The baby is on his stomach, lying in his diaper with his arms and legs spread out, as if he’s been strip-searched. He’s smiling now, staring up at them.
“He’s beginning to recognize us,” Mia says. “He’s starting to distinguish between friend and foe.”
She goes into the kitchen, and when she returns she’s holding a brownie and a can of Reddi-wip. It’s her four-in-the-morning snack. She thought her cravings would be gone, but nursing has brought its own cravings. She sprays some Reddi-Wip onto a plate and takes a spoon to it. “Don’t even start with me.” If she’s going to feast on whipped cream, Julian likes to say, she might as well eat the real stuff, but she prefers her whipped cream in a can.
She holds her palm out to Julian; she’s showing him the Michigan mitt. And there it is, a dollop of whipped cream at the base of her thumb, where Ann Arbor lies. Her Michigan husband, she still calls him.
And now, she thinks, Look at us here. She means in New York, of course, with their baby, but also in their home, which she’s still getting used to. Once, when she was a girl, her mother rebuked her for spending five dollars on lunch, and for weeks after that she would stand incapacitated in the deli line, unable to order anything. Her mother would tell her about her own mother, who had reused old dental floss, hanging it over the shower rod to dry. So it shouldn’t surprise her that it’s taken her a while to grow accustomed to her new life, and she hopes Julian won’t begrudge her an occasional moment of guilt.
Thoug
h she’s making slow progress. Finally, she has dipped into her inheritance. She has opened a college savings plan for the baby, and she has set up a scholarship fund in her mother’s memory, with her and Olivia as the trustees.
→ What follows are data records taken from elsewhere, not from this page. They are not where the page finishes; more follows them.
lemma order_ge_pmul:
  assumes P: "order_ge n P d" and Q: "order_ge n Q e"
  shows "order_ge n (pmul P Q) (d + e)"
  unfolding order_ge_def
proof (intro allI impI)
  fix M assume "pmul P Q M \<noteq> 0"
  then obtain A where "A \<in> {A. mle A M}" and nz: "P A * Q (\<lambda>i. M i - A i) \<noteq> 0"
    unfolding pmul_def by (rule sum.not_neutral_contains_not_neutral)
  then have A: "mle A M" by simp
  from nz have "P A \<noteq> 0" "Q (\<lambda>i. M i - A i) \<noteq> 0" by auto
  then have "A \<in> multiidx n" "d \<le> mabs n A"
    and "(\<lambda>i. M i - A i) \<in> multiidx n" "e \<le> mabs n (\<lambda>i. M i - A i)"
    using P Q unfolding order_ge_def by blast+
  moreover have "M i = A i + (M i - A i)" for i
    using A unfolding mle_def by (simp add: le_add_diff_inverse)
  ultimately show "M \<in> multiidx n \<and> d + e \<le> mabs n M"
    using mabs_diff[OF A, of n] unfolding multiidx_def by auto
qed

lemma order_ge_sum:
  "(\<And>b. b \<in> B \<Longrightarrow> order_ge n (f b) d) \<Longrightarrow> order_ge n (\<lambda>M. \<Sum>b\<in>B. f b M) d"
  unfolding order_ge_def by (metis sum.not_neutral_contains_not_neutral)

lemma order_ge_Cpow: "order_ge n (Cpow C n N a b) 0"
proof (induction N arbitrary: a b)
  case 0
  then show ?case by (auto simp: order_ge_def mono_def)
next
  case (Suc N)
  have "order_ge n (Cmat C n c b) 0" for c
    unfolding Cmat_def by (rule order_ge_sum) (auto simp: order_ge_def mono_def multiidx_def)
  then show ?case
    unfolding Cpow.simps by (intro order_ge_sum) (use order_ge_pmul[OF Suc] in fastforce)
qed

lemma order_ge_phi: "order_ge n (phi C n b a) 0"
  using order_ge_Cpow[of n C _ b a] unfolding order_ge_def phi_def by fastforce

lemma order_ge_pderiv_var:
  assumes b: "b < n" and P: "order_ge n P d"
  shows "order_ge n (pderiv_var b P) (d - 1)"
  unfolding order_ge_def
proof (intro allI impI)
  fix M assume "pderiv_var b P M \<noteq> 0"
  then have "P (M(b := M b + 1)) \<noteq> 0" unfolding pderiv_var_def by auto
  then have "M(b := M b + 1) \<in> multiidx n" "d \<le> mabs n (M(b := M b + 1))"
    using P unfolding order_ge_def by blast+
  then show "M \<in> multiidx n \<and> d - 1 \<le> mabs n M"
    using multiidx_upd[OF b] mabs_upd_Suc[OF b] by auto
qed

lemma order_ge_act_gen: "order_ge n P d \<Longrightarrow> order_ge n (act_gen C n a P) (d - 1)"
  unfolding act_gen_def
  by (rule order_ge_sum) (use order_ge_pmul[OF order_ge_pderiv_var order_ge_phi] in auto)

lemma order_ge_act_upto: "order_ge n P d \<Longrightarrow> order_ge n (act_upto C n m I P) (d - (\<Sum>i<m. I i))"
proof (induction m)
  case 0
  then show ?case by simp
next
  case (Suc m)
  have "order_ge n ((act_gen C n m ^^ k) (act_upto C n m I P)) (d - (\<Sum>i<m. I i) - k)" for k
    by (induction k) (use Suc in \<open>auto dest: order_ge_act_gen[where C = C and a = m]\<close>)
  then show ?case by simp
qed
On the coffee table sits a ceramic plate with the baby’s name and birth weight printed on it. Nine pounds, eleven ounces. Labor was hard going, and Dr. Kaplan thought she might have to do a C-section, but she managed to twist the baby’s shoulders around, and out he came. Richard John Wainwright. John after Mia’s mother, Joan, and Richard after Julian’s father, and after his grandfather and great-grandfather before him. It was what Julian himself was supposed to have been named, what he would have been named if his mother hadn’t insisted on naming him Julian.
Richard is fair-haired and blue-eyed; he looks like neither Julian nor Mia. Mia has joked that they took the wrong baby home, which got Julian sufficiently anxious that he checked their hospital bands to make sure they all matched. Later, looking at photos of Mia as an infant, he saw that she, too, had been fair-haired. And her mother had blue eyes, as does his. All the Richards of the world must have been babies once, but now, in 2006, having a baby named Richard makes Julian feel as if he’s fathered a fifty-year-old. He tried Ritchie for a few weeks, but it sounded too much like a character in a cartoon strip, so he’s taken to calling him Buddy, or Kiddo.
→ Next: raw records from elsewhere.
lemma Av_max_third:
  assumes w: "x # y # n # q \<in> Av k n"
  shows "\<exists>l\<le>min (k - 2) (n - 2). \<exists>u\<in>Av k (n - l - 1). x # y # n # q = insert_block n l u"
proof -
  obtain E where E: "y < x" "n # q = rev [x + 1..<n + 1] @ E" "\<forall>e\<in>set E. e < x"
    using Av_max_third_shape[OF w] .
  let ?w = "x # y # rev [x + 1..<n + 1] @ E"
  have "?w \<in> Av k n" using w unfolding E(2) .
  then have set_w: "set ?w = {1..n}" and dist: "distinct ?w" and av: "avoids_patterns k ?w"
    unfolding Av_iff by blast+
  have "n - x \<le> k - 2"
    using decreasing_run_length_bound[of k x y "rev [x + 1..<n + 1]" E] av E(1)
    by (simp add: avoids_patterns_def sorted_wrt_rev del: upt_Suc)
  have "x \<in> set ?w" "y \<in> set ?w" by (simp_all del: upt_Suc)
  then have x: "x \<in> {1..n}" and y: "y \<in> {1..n}" by (simp_all only: set_w)
  have "set (y # E) = set ?w \<inter> {..<x}" using E(1,3) by (auto simp del: upt_Suc)
  also have "\<dots> = {1..x - 1}" unfolding set_w using x by auto
  finally have "set (y # E) = {1..x - 1}" .
  moreover have "subseq (y # E) ?w"
    by (rule list_emb_Cons, rule subseq_Cons2, rule subseq_drop_many, rule subseq_order.order_refl)
  ultimately have "y # E \<in> Av k (x - 1)"
    using avoids_patterns_subseq[OF _ av] distinct_subseq[OF dist] unfolding Av_iff by blast
  moreover have "?w = insert_block n (n - x) (y # E)"
    using x by (simp add: insert_block_def del: upt_Suc)
  ultimately show ?thesis using E(1) \<open>n - x \<le> k - 2\<close> x y unfolding E(2)
    by (intro exI[of _ "n - x"] conjI bexI[of _ "y # E"]) simp_all
qed

lemma Av_decomposition:
  assumes w: "w \<in> Av k n" and "n \<ge> 2"
  shows "(\<exists>v\<in>Av k (n - 1). w = insert_second n v) \<or>
    (\<exists>l\<le>min (k - 2) (n - 2). \<exists>u\<in>Av k (n - l - 1). w = insert_block n l u)"
proof -
  have set_w: "set w = {1..n}" and dist: "distinct w" and av: "avoids_patterns k w"
    using w by (auto simp: Av_iff)
  then obtain p q where pq: "w = p @ n # q"
    using \<open>n \<ge> 2\<close> by (metis atLeastAtMost_iff one_le_numeral order.trans split_list order_refl)
  have "\<forall>z\<in>set p. z < n" using set_w dist pq by fastforce
  then have "length p \<le> 2"
    using length_prefix_before_max[of p n q] av dist pq by (simp add: avoids_patterns_def)
  then consider "p = []" | x where "p = [x]" | x y where "p = [x, y]"
    by (metis One_nat_def Suc_1 le_Suc_eq le_zero_eq length_0_conv length_Suc_conv)
  then show ?thesis
  proof cases
    case 1
    then have "q \<in> Av k (n - 1)" using Av_delete_max w pq by fastforce
    moreover from this have "q \<noteq> []" using \<open>n \<ge> 2\<close> by (auto simp: Av_iff)
    then have "w = insert_block n 0 q" using pq 1 by (simp add: insert_block_def)
    ultimately show ?thesis by (intro disjI2 exI[of _ 0] conjI bexI[of _ q]) simp_all
  next
    case (2 x)
    then have "x # q \<in> Av k (n - 1)" using Av_delete_max w pq by fastforce
    moreover have "w = insert_second n (x # q)" using pq 2 by (simp add: insert_second_def)
    ultimately show ?thesis by blast
  next
    case (3 x y)
    then have "x # y # n # q \<in> Av k n" using w pq by simp
    from Av_max_third[OF this] show ?thesis using pq 3 by simp
  qed
qed

section \<open>The recurrence\<close>

lemma insert_second_in_Av:
  assumes "v \<in> Av k (n - 1)" "n \<ge> 2" "k \<ge> 2"
  shows "insert_second n v \<in> Av k n"
proof -
  obtain x t where v: "v = x # t" using assms(1,2) by (cases v) (auto simp: Av_iff)
  then have "[x] @ Suc (n - 1) # t \<in> Av k (Suc (n - 1))"
    using assms by (intro Av_insert_max) auto
  then show ?thesis using v assms(2) by (simp add: insert_second_def)
qed

lemma insert_block_in_Av:
  assumes "u \<in> Av k (m - 1)" "m \<ge> 2" "l \<le> k - 2" "k \<ge> 2"
  shows "insert_block (m + l) l u \<in> Av k (m + l)"
  using assms(3)
proof (induction l)
  case 0
  have "[] @ Suc (m - 1) # u \<in> Av k (Suc (m - 1))"
    using assms(1,4) by (intro Av_insert_max) auto
  moreover have "u \<noteq> []" using assms(1,2) by (auto simp: Av_iff)
  ultimately show ?case using assms(2) by (simp add: insert_block_def)
next
  case (Suc l)
  obtain h t where u: "u = h # t" using assms(1,2) by (cases u) (auto simp: Av_iff)
  define t' where "t' = rev [m + 1..<m + l + 1] @ t"
  have "[m, h] @ t' \<in> Av k (m + l)"
    using Suc u by (simp add: insert_block_def t'_def)
  moreover have "h < m" using assms(1,2) u by (fastforce simp: Av_iff)
  moreover have "\<not> has_decreasing_above (k - 2) m t'"
  proof
    assume "has_decreasing_above (k - 2) m t'"
    then have "k - 2 \<le> card {z \<in> set t'. m < z}" by (rule has_decreasing_above_le_card)
    also have "\<dots> \<le> card {m + 1..<m + l + 1}"
      using assms(1) u by (intro card_mono) (auto simp: t'_def Av_iff simp del: upt_Suc)
    finally show False using Suc.prems by simp
  qed
  ultimately have "[m, h] @ Suc (m + l) # t' \<in> Av k (Suc (m + l))"
    using assms(4) by (intro Av_insert_max) auto
  then show ?case by (simp add: insert_block_def t'_def u)
qed

lemma Av_eq_Union:
  assumes "n \<ge> 2" "k \<ge> 2"
  shows "Av k n = insert_second n ` Av k (n - 1) \<union>
    (\<Union>l\<le>min (k - 2) (n - 2). insert_block n l ` Av k (n - l - 1))"
proof
  show "Av k n \<subseteq> insert_second n ` Av k (n - 1) \<union>
      (\<Union>l\<le>min (k - 2) (n - 2). insert_block n l ` Av k (n - l - 1))"
    using Av_decomposition[where k = k, OF _ assms(1)] by blast
  have "insert_block n l u \<in> Av k n" if "l \<le> min (k - 2) (n - 2)" "u \<in> Av k (n - l - 1)" for l u
  proof -
    have "2 \<le> n - l" using that(1) assms(1) by linarith
    then show ?thesis using insert_block_in_Av[of u k "n - l" l] that assms by simp
  qed
  then show "insert_second n ` Av k (n - 1) \<union>
      (\<Union>l\<le>min (k - 2) (n - 2). insert_block n l ` Av k (n - l - 1)) \<subseteq> Av k n"
    using insert_second_in_Av[OF _ assms] by blast
qed

lemma inj_on_insert_second: "inj_on (insert_second n) {v. v \<noteq> []}"
  by (intro inj_onI list.expand) (auto simp: insert_second_def)

lemma inj_on_insert_block: "inj_on (insert_block n l) {u. u \<noteq> []}"
  by (intro inj_onI list.expand) (auto simp: insert_block_def)

lemma insert_block_shape:
  assumes "u \<in> Av k (n - l - 1)" "l \<le> n - 2" "n \<ge> 2"
  shows "hd (insert_block n l u) = n - l" "insert_block n l u ! 1 < n"
proof -
  have "u \<noteq> []" using assms by (intro Av_nonempty) auto
  then have "hd u \<in> {1..n - l - 1}" using assms(1) hd_in_set[of u] by (simp add: Av_iff)
  then show "hd (insert_block n l u) = n - l" "insert_block n l u ! 1 < n"
    by (auto simp: insert_block_def simp del: upt_Suc)
qed

lemma card_Av_recurrence:
  assumes "n \<ge> 2" "k \<ge> 2"
  shows "card (Av k n) = card (Av k (n - 1)) + (\<Sum>l\<le>min (k - 2) (n - 2). card (Av k (n - l - 1)))"
proof -
  let ?L = "{..min (k - 2) (n - 2)}"
  let ?S = "insert_second n ` Av k (n - 1)"
  let ?B = "\<lambda>l. insert_block n l ` Av k (n - l - 1)"
  have nonempty: "Av k m \<subseteq> {u. u \<noteq> []}" if "m \<ge> 1" for m
    using Av_nonempty that by blast
  have "?S \<inter> (\<Union>l\<in>?L. ?B l) = {}"
  proof (rule equals0I)
    fix w assume "w \<in> ?S \<inter> (\<Union>l\<in>?L. ?B l)"
    then obtain v l u where "w = insert_second n v" "l \<in> ?L" "u \<in> Av k (n - l - 1)"
      "w = insert_block n l u"
      by blast
    then show False using insert_block_shape(2)[of u k n l] assms(1) by (simp add: insert_second_def)
  qed
  then have "card (Av k n) = card ?S + card (\<Union>l\<in>?L. ?B l)"
    unfolding Av_eq_Union[OF assms] by (intro card_Un_disjoint) (auto simp: finite_Av)
  also have "card (\<Union>l\<in>?L. ?B l) = (\<Sum>l\<in>?L. card (?B l))"
  proof (rule card_UN_disjoint)
    show "\<forall>l\<in>?L. \<forall>l'\<in>?L. l \<noteq> l' \<longrightarrow> ?B l \<inter> ?B l' = {}"
    proof (intro ballI impI equals0I)
      fix l l' w assume l: "l \<in> ?L" "l' \<in> ?L" "l \<noteq> l'" and "w \<in> ?B l \<inter> ?B l'"
      then obtain u u' where "u \<in> Av k (n - l - 1)" "u' \<in> Av k (n - l' - 1)"
        "w = insert_block n l u" "w = insert_block n l' u'"
        by blast
      then have "n - l = n - l'"
        using insert_block_shape(1)[of u k n l] insert_block_shape(1)[of u' k n l'] l assms(1)
        by simp
      moreover have "l \<le> n - 2" "l' \<le> n - 2" using l by auto
      ultimately show False using l(3) assms(1) by arith
    qed
  qed (simp_all add: finite_Av)
  also have "card ?S = card (Av k (n - 1))"
    using inj_on_subset[OF inj_on_insert_second nonempty] assms(1) by (simp add: card_image)
  also have "(\<Sum>l\<in>?L. card (?B l)) = (\<Sum>l\<in>?L. card (Av k (n - l - 1)))"
    using assms(1)
    by (intro sum.cong refl card_image inj_on_subset[OF inj_on_insert_block nonempty]) auto
  finally show ?thesis .
qed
Dandling his son on his lap, he says, “May he grow up to be a banker.”
“Is that what you want?”
“Whatever makes him happy.”
“Maybe he’ll be a veterinarian,” she says. “He certainly has taken a liking to Cooper.” The affection is mutual, for when she comes home she finds Cooper licking Richard’s face. Sometimes she and Julian will place Richard on Cooper’s back and Cooper will walk around the living room with a paternal care they haven’t seen him display before. And Richard, laughing, will kick Cooper’s sides. He seems to think Cooper is a horse.